→ **Required work**
In the records below, begin at the line containing "v = eval_word" and end at the line containing "using wi(1) by"; quote every line in that span exactly, including both boundary lines, and no others.

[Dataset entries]
lemma cayley_path_xz_word_yz_word:
  assumes H: "group H" "T \<subseteq> carrier H" "generate H T = carrier H" "d ` {1..p} \<subseteq> carrier H"
    and wi: "fst ` set wi \<subseteq> {1..p}" "reduced wi" "rev wi = wi"
  obtains \<gamma> where "cayley_path (G1 H p d) (S1 H p d T) \<gamma>
      (eval_word (G1 H p d) (map (apfst (a_el H p d)) wi)) (eval_word (G1 H p d) (map (apfst (b_el H p d)) wi))"
    "length \<gamma> \<le> Suc (word_length H T (eval_word H (map (apfst d) wi)))"
    "\<forall>v\<in>set \<gamma>. \<exists>t\<in>carrier H. v = eval_word (G1 H p d) (map (apfst (a_el H p d)) wi) \<otimes>\<^bsub>G1 H p d\<^esub> el1 H p d (GH t)"
    "\<forall>v\<in>set \<gamma>. length wi \<le> word_length (G1 H p d) (S1 H p d T) v"
proof -
  let ?g0 = "eval_word (G1 H p d) (map (apfst (a_el H p d)) wi)"
  let ?u = "eval_word H (map (apfst d) wi)"
  have "?u \<in> carrier H"
    using wi(1) H(4) by (auto intro!: group.eval_word_map_closed[OF H(1)])
  then have u: "?u \<in> generate H T" "inv\<^bsub>H\<^esub> ?u \<in> generate H T"
    using H(3) group.inv_closed[OF H(1)] by simp_all
  have "?g0 \<in> carrier (G1 H p d)"
    using wi(1) by (auto intro!: group.eval_word_map_closed[OF group_G1] a_el_in_carrier)
  moreover have "(\<lambda>a. el1 H p d (GH a)) ` T \<subseteq> S1 H p d T"
    by (auto simp: S1_def)
  ultimately obtain \<gamma> where \<gamma>: "cayley_path (G1 H p d) (S1 H p d T) \<gamma> ?g0
      (?g0 \<otimes>\<^bsub>G1 H p d\<^esub> el1 H p d (GH (inv\<^bsub>H\<^esub> ?u)))"
    "length \<gamma> = Suc (word_length H T (inv\<^bsub>H\<^esub> ?u))"
    "\<forall>v\<in>set \<gamma>. \<exists>t\<in>carrier H. v = ?g0 \<otimes>\<^bsub>G1 H p d\<^esub> el1 H p d (GH t)"
    using cayley_path_hom_word[OF H(1) group_G1 GH_hom[OF H(1)] H(2) _ _ u(2)] by blast
  moreover have "length \<gamma> \<le> Suc (word_length H T ?u)"
    using \<gamma>(2) group.word_length_inv_le[OF H(1,2) u(1)] by simp
  moreover have "\<forall>v\<in>set \<gamma>. length wi \<le> word_length (G1 H p d) (S1 H p d T) v"
  proof
    fix v assume "v \<in> set \<gamma>"
    from bspec[OF \<gamma>(3) this] obtain t where "t \<in> carrier H" "v = ?g0 \<otimes>\<^bsub>G1 H p d\<^esub> el1 H p d (GH t)"
      by (elim bexE)
    with word_length_S1_xz_word_mult_GH[OF H(1,2) wi(1,2), of t] H(3)
    show "length wi \<le> word_length (G1 H p d) (S1 H p d T) v"
      by simp
  qed
  ultimately show ?thesis
    using that yz_word_eq_xz_word_mult_GH[OF H(1,4) wi(1,3)] by simp
qed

→ **Exercise response**
    "\<forall>v\<in>set \<gamma>. \<exists>t\<in>carrier H. v = eval_word (G1 H p d) (map (apfst (a_el H p d)) wi) \<otimes>\<^bsub>G1 H p d\<^esub> el1 H p d (GH t)"
    "\<forall>v\<in>set \<gamma>. length wi \<le> word_length (G1 H p d) (S1 H p d T) v"
proof -
  let ?g0 = "eval_word (G1 H p d) (map (apfst (a_el H p d)) wi)"
  let ?u = "eval_word H (map (apfst d) wi)"
  have "?u \<in> carrier H"
    using wi(1) H(4) by (auto intro!: group.eval_word_map_closed[OF H(1)])
  then have u: "?u \<in> generate H T" "inv\<^bsub>H\<^esub> ?u \<in> generate H T"
    using H(3) group.inv_closed[OF H(1)] by simp_all
  have "?g0 \<in> carrier (G1 H p d)"
    using wi(1) by (auto intro!: group.eval_word_map_closed[OF group_G1] a_el_in_carrier)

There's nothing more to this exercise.